The Chancellor confirmed, as revealed by The Yorkshire Post, that discussions have begun with the Sheffield city region group of councils as well as “West Yorkshire and partner authorities” on “far reaching devolution of power in return for the creation of directly elected mayors.”

Budget documents said the devolution deals will be “agreed in parallel with the Spending Review”.

With the Government announcing the outcome of its spending review in the autumn, a summer of haggling over the detail of devolution to Yorkshire now lies ahead.

West and South Yorkshire leaders have already made clear that they want the Government tohand over significant powers in return for them agreeing to elected mayors.

Proposals set out by the Leeds City Region group of authorities include the power to raise money from business to pay for major infrastructure schemes, taking on the powers of the police and crime commissioner and introducing London-style franchised buses.

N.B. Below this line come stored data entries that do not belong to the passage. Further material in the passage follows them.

text \<open>
  Since the pooled estimate \<open>Bhat0 \<gamma>\<close> maximises the tied likelihood, the likelihood-ratio
  statistic is at most the deviance of the block estimates from the true null parameters:
  \<open>-2 lambda_T \<le> 2 \<Sum>\<^sub>l\<^sub>\<le>\<^sub>k n\<^sub>l\<^sub>k KL(Bhat1\<^sub>l\<^sub>k, B\<^sub>l\<^sub>k)\<close>.
  Each summand is \<open>m KL(X/m, q)\<close> for a binomial \<open>X\<close>; the Chernoff bound on either side of
  \<open>m q\<close> gives \<open>P(m KL(X/m, q) \<ge> t) \<le> 2 e\<^sup>-\<^sup>t\<close>, hence \<open>E exp(m KL(X/m, q) / 2) \<le> 9\<close>.
  Distinct block pairs use disjoint sets of independent edges, so the exponential moment of the
  sum is at most \<open>9\<^sup>M\<close> with \<open>M = (K\<^sup>2 + K) / 2\<close>, and Markov's inequality bounds
  \<open>P(Delta_BIC \<ge> 0)\<close> by \<open>exp(- d L / 4 + M ln 9)\<close>, where \<open>L = ln (n choose 2)\<close> and
  \<open>d = \<Sum>\<^sub>\<gamma> (|\<gamma>\<^sub>B| - 1) \<ge> 16 c\<^sub>2 M\<close>.  Once \<open>c\<^sub>2 L \<ge> 4\<close> this is below the claimed
  bound, with constant 1.
\<close>

section \<open>Binomial tails in terms of the Kullback-Leibler divergence\<close>

lemma power_eq_exp_mult_ln: "0 < x \<Longrightarrow> x ^ j = exp (real j * ln x)" for x :: real
  by (simp add: exp_ln ln_realpow[symmetric])

lemma power_le_exp_bern_kl_tilt:
  fixes n k :: nat and p q :: real
  assumes p: "0 < p" "p < 1" and q: "0 < q" "q < 1" and kn: "k \<le> n"
    and side: "(n * q \<le> k \<and> p \<le> q) \<or> (k \<le> n * q \<and> q \<le> p)"
  shows "p ^ k * (1 - p) ^ (n - k) \<le> exp (- (n * bern_kl q p)) * (q ^ k * (1 - q) ^ (n - k))"
proof -
  define a where "a = ln q - ln p"
  define b where "b = ln (1 - q) - ln (1 - p)"
  have kl: "n * bern_kl q p = n * q * a + (n - n * q) * b"
    using p q by (simp add: bern_kl_def a_def b_def ln_div algebra_simps)
  have "0 \<le> (k - n * q) * (a - b)"
  proof (cases "n * q \<le> k \<and> p \<le> q")
    case True
    then have "ln p \<le> ln q" "ln (1 - q) \<le> ln (1 - p)" using p q by auto
    then have "0 \<le> a - b" by (simp add: a_def b_def)
    with True show ?thesis by simp
  next
    case False
    with side have "k \<le> n * q" "q \<le> p" by auto
    then have "ln q \<le> ln p" "ln (1 - p) \<le> ln (1 - q)" using p q by auto
    then have "a - b \<le> 0" by (simp add: a_def b_def)
    with \<open>k \<le> n * q\<close> show ?thesis by (simp add: mult_nonpos_nonpos)
  qed
  then have "k * ln p + (n - k) * ln (1 - p) \<le> - (n * bern_kl q p) + k * ln q + (n - k) * ln (1 - q)"
    using kn unfolding kl by (simp add: a_def b_def of_nat_diff algebra_simps)
  then show ?thesis
    using p q kn by (simp add: power_eq_exp_mult_ln of_nat_diff flip: exp_add)
qed

lemma binomial_pmf_le_exp_bern_kl_tilt:
  fixes n k :: nat and p q :: real
  assumes p: "0 < p" "p < 1" and q: "0 \<le> q" "q \<le> 1" and kn: "k \<le> n"
    and side: "(n * q \<le> k \<and> p \<le> q) \<or> (k \<le> n * q \<and> q \<le> p)"
  shows "pmf (binomial_pmf n p) k \<le> exp (- (n * bern_kl q p)) * pmf (binomial_pmf n q) k"
proof -
  consider "q = 0" | "q = 1" | "0 < q" "q < 1" using q by linarith
  then show ?thesis
  proof cases
    case 1
    with side p have "k = 0" by auto
    moreover have "exp (- (n * bern_kl q p)) = (1 - p) ^ n"
      using 1 p by (simp add: bern_kl_def power_eq_exp_mult_ln ln_div)
    ultimately show ?thesis using 1 p by simp
  next
    case 2
    with side p kn have "k = n" by auto
    moreover have "exp (- (n * bern_kl q p)) = p ^ n"
      using 2 p by (simp add: bern_kl_def power_eq_exp_mult_ln ln_div)
    ultimately show ?thesis using 2 p by simp
  next
    case 3
    from mult_left_mono[OF power_le_exp_bern_kl_tilt[OF p 3 kn side], of "real (n choose k)"]
    show ?thesis using p 3 by (simp add: ac_simps)
  qed
qed

lemma binomial_pmf_prob_le_exp_bern_kl:
  fixes n :: nat and p q :: real and A :: "nat set"
  assumes p: "0 < p" "p < 1" and q: "0 \<le> q" "q \<le> 1"
    and side: "\<And>k. k \<in> A \<Longrightarrow> k \<le> n \<Longrightarrow> (n * q \<le> k \<and> p \<le> q) \<or> (k \<le> n * q \<and> q \<le> p)"
  shows "measure_pmf.prob (binomial_pmf n p) A \<le> exp (- (n * bern_kl q p))"
proof -
  let ?A = "A \<inter> {..n}"
  have "measure_pmf.prob (binomial_pmf n p) A = (\<Sum>k\<in>?A. pmf (binomial_pmf n p) k)"
    using p measure_Int_set_pmf[of "binomial_pmf n p" A] by (simp add: measure_measure_pmf_finite)
  also have "\<dots> \<le> (\<Sum>k\<in>?A. exp (- (n * bern_kl q p)) * pmf (binomial_pmf n q) k)"
    using p q side by (intro sum_mono binomial_pmf_le_exp_bern_kl_tilt) auto
  also have "\<dots> = exp (- (n * bern_kl q p)) * measure_pmf.prob (binomial_pmf n q) ?A"
    by (simp add: measure_measure_pmf_finite sum_distrib_left)
  also have "\<dots> \<le> exp (- (n * bern_kl q p))"
    by (simp add: mult_left_le)
  finally show ?thesis .
qed

lemma binomial_pmf_prob_bern_kl_ge_le:
  fixes n :: nat and p t :: real
  assumes p: "0 < p" "p < 1"
  shows "measure_pmf.prob (binomial_pmf n p) {k. t \<le> n * bern_kl (k / n) p} \<le> 2 * exp (- t)"
proof (cases "t \<le> 0")
  case True
  have "measure_pmf.prob (binomial_pmf n p) {k. t \<le> n * bern_kl (k / n) p} \<le> 1"
    by simp
  also have "1 \<le> exp (- t)" using True by simp
  finally show ?thesis using exp_gt_zero[of "- t"] by linarith
next
  case False
  define S where "S = {k. k \<le> n \<and> t \<le> n * bern_kl (k / n) p}"
  have S_n: "n > 0" if "k \<in> S" for k
    using that False by (cases n) (auto simp: S_def)
  \<comment> \<open>a one-sided part of the tail is controlled by its point closest to \<open>n p\<close>\<close>
  have one_side: "measure_pmf.prob (binomial_pmf n p) B \<le> exp (- t)"
    if "B \<subseteq> S" "a \<in> B" "\<And>k. k \<in> B \<Longrightarrow> (a \<le> k \<and> p \<le> a / n) \<or> (k \<le> a \<and> a / n \<le> p)" for B a
  proof -
    have "a \<le> n" "n > 0" "t \<le> n * bern_kl (a / n) p"
      using that(1,2) S_n by (auto simp: S_def)
    then have "measure_pmf.prob (binomial_pmf n p) B \<le> exp (- (n * bern_kl (a / n) p))"
      using that(3) by (intro binomial_pmf_prob_le_exp_bern_kl p) auto
    also have "\<dots> \<le> exp (- t)"
      using \<open>t \<le> n * bern_kl (a / n) p\<close> by simp
    finally show ?thesis .
  qed
  define S1 where "S1 = {k \<in> S. p \<le> k / n}"
  define S2 where "S2 = {k \<in> S. k / n < p}"
  have fin: "finite S1" "finite S2" by (auto simp: S1_def S2_def S_def)
  have "measure_pmf.prob (binomial_pmf n p) S1 \<le> exp (- t)"
  proof (cases "S1 = {}")
    case False
    then have "Min S1 \<in> S1" "\<And>k. k \<in> S1 \<Longrightarrow> Min S1 \<le> k" using fin by auto
    then show ?thesis by (intro one_side[of _ "Min S1"]) (auto simp: S1_def)
  qed simp
  moreover have "measure_pmf.prob (binomial_pmf n p) S2 \<le> exp (- t)"
  proof (cases "S2 = {}")
    case False
    then have "Max S2 \<in> S2" "\<And>k. k \<in> S2 \<Longrightarrow> k \<le> Max S2" using fin by auto
    then show ?thesis by (intro one_side[of _ "Max S2"]) (auto simp: S2_def less_imp_le)
  qed simp
  moreover have "S = S1 \<union> S2" by (auto simp: S1_def S2_def)
  moreover have "measure_pmf.prob (binomial_pmf n p) {k. t \<le> n * bern_kl (k / n) p}
      = measure_pmf.prob (binomial_pmf n p) S"
    using p measure_Int_set_pmf[of "binomial_pmf n p" "{k. t \<le> n * bern_kl (k / n) p}"]
    by (simp add: S_def Int_def conj_commute)
  ultimately show ?thesis
    using measure_subadditive[of S1 "measure_pmf (binomial_pmf n p)" S2] by simp
qed

lemma exp_half_le_layer_sum:
  fixes y :: real and J :: nat
  assumes "y < real J + 1"
  shows "exp (y / 2) \<le> exp (1 / 2) + (\<Sum>i<J. if real i + 1 \<le> y then exp ((real i + 2) / 2) else 0)"
proof (cases "y < 1")
  case True
  then have "exp (y / 2) \<le> exp (1 / 2)" by simp
  moreover have "0 \<le> (\<Sum>i<J. if real i + 1 \<le> y then exp ((real i + 2) / 2) else 0)"
    by (intro sum_nonneg) simp
  ultimately show ?thesis by linarith
next
  case False
  then have "0 \<le> \<lfloor>y\<rfloor> - 1" by linarith
  then obtain i :: nat where "\<lfloor>y\<rfloor> = int i + 1" by (metis diff_add_cancel zero_le_imp_eq_int)
  then have i: "real i + 1 = \<lfloor>y\<rfloor>" by simp
  then have "i < J" "real i + 1 \<le> y" using assms by linarith+
  have "exp (y / 2) \<le> exp ((real i + 2) / 2)" using i by simp linarith
  also have "\<dots> = (if real i + 1 \<le> y then exp ((real i + 2) / 2) else 0)"
    using \<open>real i + 1 \<le> y\<close> by simp
  also have "\<dots> \<le> (\<Sum>i<J. if real i + 1 \<le> y then exp ((real i + 2) / 2) else 0)"
    using \<open>i < J\<close> by (intro member_le_sum) auto
  finally show ?thesis using exp_gt_zero[of "1 / 2"] by linarith
qed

Roger Marsh, chairman of the Leeds City Region Local Enterprise Partnership - the body which brings together councils and business in the area to grow the economy - welcomed the Budget announcement on devolution.

“Driving the region’s economy is paramount to all LEP activity and devolving further powers and funding will enable us to achieve our ambition to turn our economy into a net contributor to the public purse.

“What we need to see secured as part of ongoing discussions with government is a deal that would provide powers for our area to raise its own finances.

“Devolution is not real devolution without fiscal powers and we will continue to call for this as we work up the detail ahead of the Spending Review.”

Sheffield Council leader Julie Dore called on Mr Osborne to “put the substance behind their rhetoric.”

She said: “This is about more jobs, better jobs, and building a thriving economy for the people of Sheffield, now and for generations to come.

““It is clear that the government are determined to impose mayors as part of this process, and throughout the negotiations we have kept all options on the table.

“But the government need to demonstrate that they are willing to put greater investment, and local control over the programmes we need to deliver results, in return.”